Individual Offensive Contribution
With each state having a value assigned to it (the likelihood of scoring a goal), we can take a look at how much an individual affects a team’s chance at scoring a goal by looking at the difference in value from the state the player receives the ball, to the state the player puts the ball. For example, let’s say a player is in a state with a value of .05 and plays a through ball to their teammate, putting them into a good goal scoring opportunity with a value of .25. The passing player would be credited with creating .2 units of offense. If the receiving player goes on to score a goal, they would be credited with .75 units of offense and if they miss, they receive a penalty of -.25 units of offense (goals have a value of 1 and turnovers a value of 0). If the shot is deflected for a corner, the value is somewhere in between.
There are several advantages to this method versus looking at existing metrics like passing percentage and goals. For one, passing percentage treats all passes equally. This system weights each pass with the amount the player helped improve the team’s chance of scoring. When looking at goals, instead of giving full credit to the goalscorer, players who helped move the ball into a good position are rewarded. Those same players are still rewarded even if the chance is not converted.
For the sample dataset provided by StatDNA, the top offensive contributors were Tim Cahill, Yaya Toure and Cesc Fabregas.

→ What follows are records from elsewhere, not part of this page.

lemma last_conf_conv_nth: "last_conf \<gamma> ts = confs_from \<gamma> ts ! length ts"
  by (simp add: last_conf_def last_conv_nth)

lemma confs_from_append:
  "confs_from \<gamma> (xs @ ys) = confs_from \<gamma> xs @ tl (confs_from (last_conf \<gamma> xs) ys)"
  by (induction xs arbitrary: \<gamma>) (auto simp: last_conf_def intro: confs_from_eq_Cons_tl)

lemma last_conf_append: "last_conf \<gamma> (xs @ ys) = last_conf (last_conf \<gamma> xs) ys"
  by (induction xs arbitrary: \<gamma>) auto

lemma is_run_append:
  "is_run Tp Tz \<gamma> (xs @ ys) \<longleftrightarrow> is_run Tp Tz \<gamma> xs \<and> is_run Tp Tz (last_conf \<gamma> xs) ys"
  by (induction xs arbitrary: \<gamma>) auto

lemma confs_from_append_nth:
  "k \<le> length xs + length ys \<Longrightarrow> confs_from \<gamma> (xs @ ys) ! k =
     (if k \<le> length xs then confs_from \<gamma> xs ! k
      else confs_from (last_conf \<gamma> xs) ys ! (k - length xs))"
  by (induction xs arbitrary: \<gamma> k) (auto simp: nth_Cons split: nat.split)

lemma last_conf_take: "p \<le> length ts \<Longrightarrow> last_conf \<gamma> (take p ts) = confs_from \<gamma> ts ! p"
  by (induction ts arbitrary: \<gamma> p) (auto simp: nth_Cons split: nat.split)

lemma confs_from_append3_pos:
  assumes "\<And>k. 0 < k \<Longrightarrow> k \<le> length U \<Longrightarrow> 0 < snd (confs_from \<gamma> U ! k)"
    and "\<And>k. k \<le> length M \<Longrightarrow> 0 < snd (confs_from (last_conf \<gamma> U) M ! k)"
    and "\<And>k. k < length V \<Longrightarrow> 0 < snd (confs_from (last_conf (last_conf \<gamma> U) M) V ! k)"
    and "0 < k" "k < length (U @ M @ V)"
  shows "0 < snd (confs_from \<gamma> (U @ M @ V) ! k)"
proof (cases "k \<le> length U")
  case True
  then show ?thesis
    using assms(1,4,5) by (simp add: confs_from_append_nth)
next
  case False
  then have "confs_from \<gamma> (U @ M @ V) ! k = confs_from (last_conf \<gamma> U) (M @ V) ! (k - length U)"
    using assms(5) by (simp add: confs_from_append_nth)
  also have "\<dots> = (if k - length U \<le> length M then confs_from (last_conf \<gamma> U) M ! (k - length U)
      else confs_from (last_conf (last_conf \<gamma> U) M) V ! (k - length U - length M))"
    using assms(5) False by (simp add: confs_from_append_nth)
  finally show ?thesis
    using assms(2,3,5) False by auto
qed

lemma confs_from_drop_nth:
  assumes "p + k \<le> length ts"
  shows "confs_from (confs_from \<gamma> ts ! p) (drop p ts) ! k = confs_from \<gamma> ts ! (p + k)"
  using confs_from_append_nth[of "p + k" "take p ts" "drop p ts" \<gamma>] last_conf_take[of p ts \<gamma>] assms
  by (auto simp: last_conf_conv_nth)

text \<open>A run all of whose configurations have positive counter value; it fires only
  non-zero transitions and can therefore be shifted to any higher counter value.\<close>

fun pos_run :: "'q trans set \<Rightarrow> 'q conf \<Rightarrow> 'q trans list \<Rightarrow> 'q conf \<Rightarrow> bool" where
  "pos_run Tp \<gamma> [] \<gamma>' \<longleftrightarrow> \<gamma>' = \<gamma> \<and> 0 < snd \<gamma>"
| "pos_run Tp \<gamma> (t # ts) \<gamma>' \<longleftrightarrow>
     0 < snd \<gamma> \<and> t \<in> Tp \<and> tsrc t = fst \<gamma> \<and> pos_run Tp (fire \<gamma> t) ts \<gamma>'"

lemma pos_run_append:
  "pos_run Tp \<gamma> (xs @ ys) \<gamma>'' \<longleftrightarrow> (\<exists>\<gamma>'. pos_run Tp \<gamma> xs \<gamma>' \<and> pos_run Tp \<gamma>' ys \<gamma>'')"
  by (induction xs arbitrary: \<gamma>) (auto elim: pos_run.elims)

lemma pos_run_src_pos: "pos_run Tp \<gamma> ts \<gamma>' \<Longrightarrow> 0 < snd \<gamma>"
  by (cases ts) simp_all

lemma pos_run_last_conf: "pos_run Tp \<gamma> ts \<gamma>' \<Longrightarrow> last_conf \<gamma> ts = \<gamma>'"
  by (induction ts arbitrary: \<gamma>) auto

lemma pos_run_is_run: "pos_run Tp \<gamma> ts \<gamma>' \<Longrightarrow> is_run Tp Tz \<gamma> ts"
  by (induction ts arbitrary: \<gamma>) (auto simp: fireable_def)

lemma pos_run_confs_pos: "pos_run Tp \<gamma> ts \<gamma>' \<Longrightarrow> k \<le> length ts \<Longrightarrow> 0 < snd (confs_from \<gamma> ts ! k)"
  by (induction ts arbitrary: \<gamma> k) (auto simp: nth_Cons split: nat.split)

lemma pos_run_tgt_pos: "pos_run Tp \<gamma> ts \<gamma>' \<Longrightarrow> 0 < snd \<gamma>'"
  using pos_run_confs_pos[of Tp \<gamma> ts \<gamma>' "length ts"] pos_run_last_conf[of Tp \<gamma> ts \<gamma>']
  by (simp add: last_conf_conv_nth)

lemma is_run_imp_pos_run:
  "is_run Tp Tz \<gamma> ts \<Longrightarrow> (\<And>k. k \<le> length ts \<Longrightarrow> 0 < snd (confs_from \<gamma> ts ! k))
     \<Longrightarrow> pos_run Tp \<gamma> ts (last_conf \<gamma> ts)"
proof (induction ts arbitrary: \<gamma>)
  case Nil
  then show ?case by fastforce
next
  case (Cons t ts)
  have "0 < snd \<gamma>"
    using Cons.prems(2)[of 0] by simp
  moreover have "pos_run Tp (fire \<gamma> t) ts (last_conf (fire \<gamma> t) ts)"
    using Cons.prems Cons.IH[of "fire \<gamma> t"] by fastforce
  ultimately show ?case
    using Cons.prems(1) by (auto simp: fireable_def)
qed

lemma pos_run_shift:
  "pos_run Tp \<gamma> ts \<gamma>' \<Longrightarrow> pos_run Tp (fst \<gamma>, snd \<gamma> + d) ts (fst \<gamma>', snd \<gamma>' + d)"
proof (induction ts arbitrary: \<gamma>)
  case Nil
  then show ?case by auto
next
  case (Cons t ts)
  then have "0 < snd (fire \<gamma> t)"
    using pos_run_src_pos by fastforce
  then have "fire (fst \<gamma>, snd \<gamma> + d) t = (fst (fire \<gamma> t), snd (fire \<gamma> t) + d)"
    by (auto simp: fire_def)
  then show ?case
    using Cons by auto
qed

lemma pos_run_counter: "pos_run Tp \<gamma> ts \<gamma>' \<Longrightarrow> int (snd \<gamma>') = int (snd \<gamma>) + teff_list ts"
proof (induction ts arbitrary: \<gamma>)
  case Nil
  then show ?case by (simp add: teff_list_def)
next
  case (Cons t ts)
  then have "0 < snd (fire \<gamma> t)"
    using pos_run_src_pos by fastforce
  then have "int (snd (fire \<gamma> t)) = int (snd \<gamma>) + teff t"
    by (auto simp: fire_def)
  then show ?case
    using Cons.prems Cons.IH[of "fire \<gamma> t"] by (simp add: teff_list_def)
qed

lemma consistent_Cons:
  "consistent (t # ts) \<longleftrightarrow> consistent ts \<and> (ts \<noteq> [] \<longrightarrow> ttgt t = tsrc (hd ts))"
  unfolding consistent_def
  by (auto simp: hd_conv_nth nth_Cons split: nat.split)

lemma pos_run_consistent:
  "pos_run Tp \<gamma> ts \<gamma>' \<Longrightarrow>
     set ts \<subseteq> Tp \<and> consistent ts \<and> (ts \<noteq> [] \<longrightarrow> tsrc (hd ts) = fst \<gamma> \<and> ttgt (last ts) = fst \<gamma>')"
proof (induction ts arbitrary: \<gamma>)
  case Nil
  then show ?case by (simp add: consistent_def)
next
  case (Cons t ts)
  moreover have "fst (fire \<gamma> t) = ttgt t"
    by (simp add: fire_def)
  ultimately show ?case
    using Cons.IH[of "fire \<gamma> t"] by (auto simp: consistent_Cons)
qed

lemma pos_run_take:
  "pos_run Tp \<gamma> ts \<gamma>' \<Longrightarrow> p \<le> length ts \<Longrightarrow> pos_run Tp \<gamma> (take p ts) (confs_from \<gamma> ts ! p)"
  by (induction ts arbitrary: \<gamma> p) (auto simp: take_Cons nth_Cons split: nat.split)

lemma pos_run_drop:
  "pos_run Tp \<gamma> ts \<gamma>' \<Longrightarrow> p \<le> length ts \<Longrightarrow> pos_run Tp (confs_from \<gamma> ts ! p) (drop p ts) \<gamma>'"
  by (induction ts arbitrary: \<gamma> p) (auto simp: drop_Cons nth_Cons split: nat.split)

lemma pos_run_states:
  assumes "pos_run Tp \<gamma> ts \<gamma>'" "fst \<gamma> \<in> Q" "Tp \<subseteq> Q \<times> UNIV \<times> Q" "k \<le> length ts"
  shows "fst (confs_from \<gamma> ts ! k) \<in> Q"
  using assms
proof (induction ts arbitrary: \<gamma> k)
  case Nil
  then show ?case by simp
next
  case (Cons t ts)
  then have "fst (fire \<gamma> t) \<in> Q"
    by (auto simp: fire_def ttgt_def)
  then show ?case
    using Cons by (auto simp: nth_Cons split: nat.split)
qed

lemma pos_run_of_consistent:
  assumes "set ts \<subseteq> Tp" "\<forall>t\<in>set ts. -1 \<le> teff t" "consistent ts" "ts \<noteq> [] \<Longrightarrow> tsrc (hd ts) = s"
    and "length ts < c"
  shows "pos_run Tp (s, c) ts (if ts = [] then s else ttgt (last ts), nat (int c + teff_list ts))"
  using assms
proof (induction ts arbitrary: s c)
  case Nil
  then show ?case by (simp add: teff_list_def)
next
  case (Cons t ts)
  have c': "length ts < nat (int c + teff t)"
    using Cons.prems by auto
  have "pos_run Tp (ttgt t, nat (int c + teff t)) ts
          (if ts = [] then ttgt t else ttgt (last ts), nat (int (nat (int c + teff t)) + teff_list ts))"
    using Cons.IH[OF _ _ _ _ c'] Cons.prems by (auto simp: consistent_Cons)
  moreover have "int (nat (int c + teff t)) = int c + teff t"
    using c' by simp
  ultimately show ?case
    using Cons.prems by (auto simp: fire_def teff_list_def add.assoc)
qed

lemma pos_run_cycle_power:
  assumes cyc: "is_cycle Tp \<sigma>" and eff: "\<forall>t\<in>set \<sigma>. -1 \<le> teff t"
    and "length \<sigma> < c" "int (length \<sigma>) < int c + int x * teff_list \<sigma>"
  shows "pos_run Tp (base \<sigma>, c) (concat (replicate x \<sigma>)) (base \<sigma>, nat (int c + int x * teff_list \<sigma>))"
  using assms(3,4)
proof (induction x arbitrary: c)
  case 0
  then show ?case by simp
next
  case (Suc x)
  let ?c' = "nat (int c + teff_list \<sigma>)"
  have "int (length \<sigma>) < int c + teff_list \<sigma>"
  proof (cases "0 \<le> teff_list \<sigma>")
    case True
    then show ?thesis using Suc.prems(1) by simp
  next
    case False
    then have "int (Suc x) * teff_list \<sigma> \<le> teff_list \<sigma>"
      using mult_nonpos_nonneg[of "teff_list \<sigma>" "int x"] by (simp add: algebra_simps)
    then show ?thesis using Suc.prems(2) by simp
  qed
  then have c': "length \<sigma> < ?c'"
    by simp
  have "pos_run Tp (base \<sigma>, c) \<sigma> (base \<sigma>, ?c')"
    using pos_run_of_consistent[of \<sigma> Tp "base \<sigma>" c] cyc eff Suc.prems
    by (auto simp: is_cycle_def base_def)
  moreover have "pos_run Tp (base \<sigma>, ?c') (concat (replicate x \<sigma>)) (base \<sigma>, nat (int c + int (Suc x) * teff_list \<sigma>))"
  proof -
    have "int ?c' = int c + teff_list \<sigma>"
      using c' by simp
    then show ?thesis
      using Suc.IH[OF c'] Suc.prems(2) by (simp add: algebra_simps)
  qed
  ultimately show ?case
    by (auto simp: pos_run_append)
qed

lemma pos_run_infix_cycle:
  assumes run: "pos_run Tp \<gamma> C \<gamma>'" and pq: "p < q" "q \<le> length C"
    and same: "fst (confs_from \<gamma> C ! p) = fst (confs_from \<gamma> C ! q)"
  obtains xs ys zs where "C = xs @ ys @ zs" "is_cycle Tp ys"
    "teff_list ys = int (snd (confs_from \<gamma> C ! q)) - int (snd (confs_from \<gamma> C ! p))"
proof -
  let ?cp = "confs_from \<gamma> C ! p" and ?cq = "confs_from \<gamma> C ! q"
  define ys where "ys = take (q - p) (drop p C)"
  have "pos_run Tp ?cp (drop p C) \<gamma>'"
    using pos_run_drop[OF run] pq by simp
  then have "pos_run Tp ?cp ys (confs_from ?cp (drop p C) ! (q - p))"
    using pos_run_take[of Tp ?cp "drop p C" \<gamma>' "q - p"] pq by (simp add: ys_def)
  moreover have "confs_from ?cp (drop p C) ! (q - p) = ?cq"
    using confs_from_drop_nth[of p "q - p" C \<gamma>] pq by simp
  ultimately have ys: "pos_run Tp ?cp ys ?cq"
    by simp
  have "ys \<noteq> []"
    using pq by (simp add: ys_def)
  then have "is_cycle Tp ys"
    using pos_run_consistent[OF ys] same by (simp add: is_cycle_def)
  moreover have "C = take p C @ ys @ drop (q - p) (drop p C)"
    unfolding ys_def by (metis append_take_drop_id)
  ultimately show ?thesis
    using that pos_run_counter[OF ys] by simp
qed
lemma exists_nonzero_blinfun_vec:
  assumes "\<exists>x::'a::real_normed_vector. x \<noteq> 0"
  shows "\<exists>F :: (('a^'n) \<Rightarrow>\<^sub>L real). F \<noteq> 0"
proof -
  obtain v :: 'a where "v \<noteq> 0"
    using assms by blast
  then obtain f where f: "bounded_linear f" "f v = norm v"
    by (rule exists_bounded_linear_functional_norm)
  fix i :: 'n
  have "bounded_linear (\<lambda>x::'a^'n. f (x $ i))"
    using bounded_linear_compose[OF f(1) bounded_linear_vec_nth] .
  then have "blinfun_apply (Blinfun (\<lambda>x::'a^'n. f (x $ i))) (vec v) = norm v"
    using f(2) by (simp add: bounded_linear_Blinfun_apply)
  then have "Blinfun (\<lambda>x::'a^'n. f (x $ i)) \<noteq> 0"
    using \<open>v \<noteq> 0\<close> by (intro notI) simp
  then show ?thesis
    by blast
qed

section \<open>The simplex and the class Psi\<close>

lemma Omega_iff: "t \<in> Omega \<longleftrightarrow> (\<forall>i. 0 \<le> t$i) \<and> (\<Sum>i\<in>UNIV. t$i) = 1"
  by (simp add: Omega_def)

lemma Omega_component_le_1:
  assumes "t \<in> Omega"
  shows "t$i \<le> 1"
  using member_le_sum[of i UNIV "\<lambda>j. t$j"] assms by (simp add: Omega_iff)

lemma Omega_eq_axis:
  assumes "t \<in> Omega" and "t$i = 1"
  shows "t = axis i 1"
proof -
  have "(\<Sum>j\<in>UNIV - {i}. t$j) = 0"
    using assms sum.remove[of UNIV i "\<lambda>j. t$j"] by (simp add: Omega_iff)
  then have "t$j = 0" if "j \<noteq> i" for j
    using assms(1) that by (simp add: Omega_iff sum_nonneg_eq_0_iff)
  then show ?thesis
    using assms(2) by (auto simp: vec_eq_iff axis_def)
qed

lemma axis_in_Omega: "axis i 1 \<in> Omega"
  by (simp add: Omega_iff axis_def)

lemma compact_Omega: "compact Omega"
proof -
  have "(Omega :: (real^'n) set) = {t. \<forall>i. 0 \<le> t$i} \<inter> {t. (\<Sum>i\<in>UNIV. t$i) = 1}"
    by (auto simp: Omega_iff)
  moreover have "closed {t::real^'n. \<forall>i. 0 \<le> t$i}" "closed {t::real^'n. (\<Sum>i\<in>UNIV. t$i) = 1}"
    by (intro closed_Collect_all closed_Collect_le closed_Collect_eq continuous_intros)+
  ultimately have "closed (Omega :: (real^'n) set)"
    by (metis closed_Int)
  moreover have "norm t \<le> 1" if "t \<in> Omega" for t :: "real^'n"
    using norm_le_l1_cart[of t] that by (simp add: Omega_iff)
  then have "bounded (Omega :: (real^'n) set)"
    by (auto simp: bounded_iff)
  ultimately show ?thesis
    by (simp add: compact_eq_bounded_closed)
qed

definition face_projection :: "'n \<Rightarrow> real^'n \<Rightarrow> real^'n" where
  "face_projection i t = (\<chi> j. if j = i then 0 else t$j / (1 - t$i))"

lemma PsiClass_face_projection:
  assumes "psi \<in> PsiClass" and "t \<in> Omega_int"
  shows "(1 - t$i) * psi (face_projection i t) \<le> psi t"
  using assms by (simp add: PsiClass_def face_projection_def)

lemma face_projection_in_Omega:
  assumes "t \<in> Omega" and "t$i < 1"
  shows "face_projection i t \<in> Omega"
proof -
  have "(\<Sum>j\<in>UNIV. face_projection i t $ j) = (\<Sum>j\<in>UNIV - {i}. t$j) / (1 - t$i)"
    by (simp add: face_projection_def sum.remove[of UNIV i] sum_divide_distrib)
  also have "\<dots> = 1"
    using assms sum.remove[of UNIV i "\<lambda>j. t$j"] by (simp add: Omega_iff)
  finally show ?thesis
    using assms by (simp add: Omega_iff face_projection_def)
qed

lemma Omega_intI:
  assumes "t \<in> Omega" and "0 < t$i" and "t$i < 1"
  shows "t \<in> Omega_int"
proof -
  have "t$k < 1" for k
  proof (cases "k = i")
    case False
    then have "t$k + t$i = (\<Sum>j\<in>{k, i}. t$j)"
      by simp
    also have "\<dots> \<le> (\<Sum>j\<in>UNIV. t$j)"
      using assms(1) by (intro sum_mono2) (auto simp: Omega_iff)
    finally show ?thesis
      using assms by (simp add: Omega_iff)
  qed (use assms in simp)
  then show ?thesis
    using assms(1) by (simp add: Omega_int_def)
qed

lemma Omega_support_nonempty:
  assumes "t \<in> Omega"
  shows "{j. t$j \<noteq> 0} \<noteq> {}"
proof
  assume "{j. t$j \<noteq> 0} = {}"
  then have "(\<Sum>j\<in>UNIV. t$j) = 0"
    by (auto intro: sum.neutral)
  then show False
    using assms by (simp add: Omega_iff)
qed

lemma PsiClass_pos_if_face_projection_pos:
  assumes "psi \<in> PsiClass" and "t \<in> Omega" and "0 < t$i" and "t$i < 1"
    and "0 < psi (face_projection i t)"
  shows "0 < psi t"
proof -
  have "0 < (1 - t$i) * psi (face_projection i t)"
    using assms(4,5) by simp
  then show ?thesis
    using PsiClass_face_projection[OF assms(1) Omega_intI[OF assms(2-4)], of i] by linarith
qed

lemma PsiClass_pos:
  fixes psi :: "real^'n \<Rightarrow> real"
  assumes psi: "psi \<in> PsiClass" and "t \<in> Omega"
  shows "0 < psi t"
proof -
  have "\<forall>t\<in>Omega. {j. t$j \<noteq> 0} \<subseteq> S \<longrightarrow> 0 < psi t" if "finite S" for S
    using that
  proof (induction S)
    case empty
    then show ?case
      using Omega_support_nonempty by blast
  next
    case (insert i S)
    show ?case
    proof (intro ballI impI)
      fix t assume t: "t \<in> Omega" and supp: "{j. t$j \<noteq> 0} \<subseteq> insert i S"
      have "0 \<le> t$i" "t$i \<le> 1"
        using t Omega_component_le_1[OF t] by (simp_all add: Omega_iff)
      show "0 < psi t"
      proof (cases "t$i = 0 \<or> t$i = 1")
        case True
        then show ?thesis
        proof
          assume "t$i = 0"
          then have "{j. t$j \<noteq> 0} \<subseteq> S"
            using supp by blast
          then show ?thesis
            using insert.IH t by blast
        next
          assume "t$i = 1"
          then have "t = axis i 1"
            by (rule Omega_eq_axis[OF t])
          then show ?thesis
            using psi by (simp add: PsiClass_def)
        qed
      next
        case False
        then have "0 < t$i" "t$i < 1"
          using \<open>0 \<le> t$i\<close> \<open>t$i \<le> 1\<close> by simp_all
        moreover have "{j. face_projection i t $ j \<noteq> 0} \<subseteq> S"
          using supp by (auto simp: face_projection_def)
        ultimately show ?thesis
          using insert.IH face_projection_in_Omega[OF t] PsiClass_pos_if_face_projection_pos[OF psi t]
          by blast
      qed
    qed
  qed
  from this[of UNIV] show ?thesis
    using assms(2) by simp
qed

lemma continuous_pos_on_compact_Inf_Sup:
  fixes f :: "'a::topological_space \<Rightarrow> real"
  assumes "compact S" "S \<noteq> {}" "continuous_on S f" "\<And>t. t \<in> S \<Longrightarrow> 0 < f t"
  shows "0 < Inf (f ` S)" and "\<And>t. t \<in> S \<Longrightarrow> Inf (f ` S) \<le> f t \<and> f t \<le> Sup (f ` S)"
proof -
  have K: "compact (f ` S)"
    using assms(3,1) by (rule compact_continuous_image)
  then obtain s where "s \<in> S" and min: "\<And>t. t \<in> S \<Longrightarrow> f s \<le> f t"
    using compact_attains_inf[OF K] assms(2) by blast
  then have "Inf (f ` S) = f s"
    by (intro cInf_eq_minimum) auto
  then show "0 < Inf (f ` S)"
    using assms(4) \<open>s \<in> S\<close> by simp
  show "Inf (f ` S) \<le> f t \<and> f t \<le> Sup (f ` S)" if "t \<in> S" for t
    using that \<open>Inf (f ` S) = f s\<close> min compact_imp_bounded[OF K]
    by (auto intro!: cSup_upper bounded_imp_bdd_above)
qed

lemma PsiClass_bounds:
  fixes psi :: "real^'n \<Rightarrow> real"
  assumes "psi \<in> PsiClass"
  obtains c C where "0 < c" "\<And>t. t \<in> Omega \<Longrightarrow> c \<le> psi t \<and> psi t \<le> C"
proof
  have "continuous_on Omega psi"
    using assms by (simp add: PsiClass_def)
  note bounds = continuous_pos_on_compact_Inf_Sup[OF compact_Omega _ this PsiClass_pos[OF assms]]
  show "0 < Inf (psi ` Omega)"
    using bounds(1) axis_in_Omega by blast
  show "Inf (psi ` Omega) \<le> psi t \<and> psi t \<le> Sup (psi ` Omega)" if "t \<in> Omega" for t
    using bounds(2) that by blast
qed

lemma PsiClass_ratio_bounds:
  fixes psi phi :: "real^'n \<Rightarrow> real"
  assumes psi: "psi \<in> PsiClass" and phi: "phi \<in> PsiClass"
  defines "m \<equiv> Inf ((\<lambda>t. psi t / phi t) ` Omega)"
    and "M \<equiv> Sup ((\<lambda>t. psi t / phi t) ` Omega)"
  shows "0 < m" and "\<And>t. t \<in> Omega \<Longrightarrow> m * phi t \<le> psi t \<and> psi t \<le> M * phi t"
proof -
  have "\<forall>t\<in>Omega. phi t \<noteq> 0"
    using PsiClass_pos[OF phi] by force
  then have cont: "continuous_on Omega (\<lambda>t. psi t / phi t)"
    using psi phi by (intro continuous_on_divide) (auto simp: PsiClass_def)
  have pos: "0 < psi t / phi t" if "t \<in> Omega" for t
    using PsiClass_pos[OF psi that] PsiClass_pos[OF phi that] by simp
  have "(Omega :: (real^'n) set) \<noteq> {}"
    using axis_in_Omega by blast
  note bounds =
    continuous_pos_on_compact_Inf_Sup[of Omega "\<lambda>t. psi t / phi t", OF compact_Omega this cont pos]
  show "0 < m"
    unfolding m_def by (rule bounds(1))
  fix t :: "real^'n" assume "t \<in> Omega"
  then have "m \<le> psi t / phi t" and "psi t / phi t \<le> M"
    unfolding m_def M_def using bounds(2) by blast+
  then show "m * phi t \<le> psi t \<and> psi t \<le> M * phi t"
    using PsiClass_pos[OF phi \<open>t \<in> Omega\<close>] by (simp add: pos_le_divide_eq pos_divide_le_eq)
qed

section \<open>Psi-direct sum norms and their duals\<close>

definition l1_norm :: "('a::real_normed_vector)^'n \<Rightarrow> real" where
  "l1_norm x = (\<Sum>i\<in>UNIV. norm (x$i))"

lemma l1_norm_nonneg: "0 \<le> l1_norm x"
  unfolding l1_norm_def by (simp add: sum_nonneg)

lemma l1_norm_pos:
  assumes "x \<noteq> 0"
  shows "0 < l1_norm x"
proof -
  obtain i where "x$i \<noteq> 0"
    using assms by (auto simp: vec_eq_iff)
  then have "0 < norm (x$i)" by simp
  also have "\<dots> \<le> l1_norm x"
    unfolding l1_norm_def by (rule member_le_sum) auto
  finally show ?thesis .
qed

lemma l1_norm_triangle: "l1_norm (x + y) \<le> l1_norm x + l1_norm y"
  unfolding l1_norm_def sum.distrib[symmetric] by (intro sum_mono) (simp add: norm_triangle_ineq)

lemma l1_norm_triangle_diff: "l1_norm (x - y) \<le> l1_norm x + l1_norm y"
  unfolding l1_norm_def sum.distrib[symmetric] by (intro sum_mono) (simp add: norm_triangle_ineq4)

lemma norm_le_l1_norm: "norm x \<le> l1_norm x"
  unfolding l1_norm_def norm_vec_def by (rule L2_set_le_sum) simp

lemma l1_normalized_in_Omega:
  assumes "x \<noteq> 0"
  shows "(\<chi> i. norm (x$i) / l1_norm x) \<in> Omega"
  using l1_norm_pos[OF assms] by (simp add: Omega_iff sum_divide_distrib[symmetric] l1_norm_def)

lemma psi_norm_eq:
  "x \<noteq> 0 \<Longrightarrow> psi_norm f x = l1_norm x * f (\<chi> i. norm (x$i) / l1_norm x)"
  by (simp add: psi_norm_def l1_norm_def Let_def)

lemma psi_norm_zero [simp]: "psi_norm f 0 = 0"
  by (simp add: psi_norm_def)

lemma psi_norm_mono:
  assumes "\<And>t. t \<in> Omega \<Longrightarrow> f t \<le> g t"
  shows "psi_norm f x \<le> psi_norm g x"
proof (cases "x = 0")
  case False
  then show ?thesis
    using assms[OF l1_normalized_in_Omega[OF False]] l1_norm_nonneg[of x]
    by (simp add: psi_norm_eq mult_left_mono)
qed simp

lemma psi_norm_cmult: "psi_norm (\<lambda>t. c * f t) x = c * psi_norm f x"
  by (simp add: psi_norm_def Let_def)

lemma psi_norm_const: "psi_norm (\<lambda>t. c) x = c * l1_norm x"
  by (simp add: psi_norm_def l1_norm_def Let_def)

lemma psi_norm_scaleR: "psi_norm f (r *\<^sub>R x) = \<bar>r\<bar> * psi_norm f x"
proof (cases "r = 0 \<or> x = 0")
  case False
  have l1: "l1_norm (r *\<^sub>R x) = \<bar>r\<bar> * l1_norm x"
    by (simp add: l1_norm_def sum_distrib_left)
  then have "(\<chi> i. norm ((r *\<^sub>R x)$i) / l1_norm (r *\<^sub>R x)) = (\<chi> i. norm (x$i) / l1_norm x)"
    using False by (simp add: vec_eq_iff)
  then show ?thesis
    using False l1 by (simp add: psi_norm_eq)
qed auto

Liverpool’s new signings, Jordan Henderson and Stuart Downing, both are in the top 25, but Raul Meireles, who recently left Anfield for Stamford Bridge, was #7.
We can also examine who is the most wasteful with the ball by looking at who has the lowest offensive contributions. Goalkeepers are colored in grey in the diagram below. The strong presence of goal keepers among the worst contributors should be a red flag for most teams, as it possibly indicates significant room for improvement in the keeper’s distribution. Darren Bent is far and away the most wasteful player outfield player in the dataset. The sample isn’t representative of his season as he scored 17 goals last year, but only one of those goals was present in the sample set. However, in the set he had 19 opportunities where he received the ball in a state with a probability of scoring greater than 10% (the average probability of these chances was 22%). Darren Bent only converted one of these chances and his offensive contribution for these high probability chances was -0.263. Imagine how high he’d be ranked if he could have finished some of these chances.
There are loads of additional questions that you can start to try to answer using this framework. The data can be sliced and diced in all sorts of interesting ways. Currently the model doesn’t account for the quality of the opposition, which would be a good next step in developing this framework further.